lemma kernel_matrix_eq_span:
  fixes M :: mat2
  assumes "M \<noteq> 0" "M *v v = 0" "v \<noteq> 0"
  shows "{x. M *v x = 0} = span {v}"
proof (rule subspace_eq_span_singleton)
  let ?K = "{x. M *v x = 0}"
  show K: "subspace ?K"
    using linear_subspace_kernel[OF matrix_vector_mul_linear[of M]] by simp
  have "?K \<noteq> UNIV" using assms(1) matrix_eq[of M 0] by auto
  then have "span ?K \<noteq> UNIV" using K span_eq_iff by metis
  then have "dim ?K \<noteq> 2" using dim_eq_full[of ?K] by simp
  moreover have "dim ?K \<le> 2" using dim_subset_UNIV_cart[of ?K] by simp
  ultimately show "dim ?K \<le> 1" by simp
qed (use assms in simp_all)

lemma kernel_matrix_eq_span_unit:
  fixes M :: mat2
  assumes "M \<noteq> 0" "det M = 0"
  obtains v where "norm v = 1" "{x. M *v x = 0} = span {v}"
proof -
  obtain v where v: "v \<noteq> 0" "M *v v = 0"
    using assms(2) det_eq_0_rank[of M] matrix_nonfull_linear_equations_eq[of M] by auto
  then show ?thesis
    using that[of "sgn v"] kernel_matrix_eq_span[OF assms(1)]
    by (simp add: norm_sgn span_sgn_singleton)
qed

subsection \<open>The projective line\<close>

lemma span_singleton_in_RP1: "v \<noteq> 0 \<Longrightarrow> span {v} \<in> RP1"
  unfolding RP1_def by blast

lemma openin_rp1_topology:
  "openin rp1_topology U \<longleftrightarrow>
     U \<subseteq> RP1 \<and> openin (top_of_set (sphere 0 1)) {v \<in> sphere 0 1. span {v} \<in> U}"
  unfolding rp1_topology_def using istopology_rp1 by simp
================
→ **Exercise prompt**
Please copy out each line of the listing above that contains the string "unfolding".

→ **Exercise answer**
  unfolding RP1_def by blast
  unfolding rp1_topology_def using istopology_rp1 by simp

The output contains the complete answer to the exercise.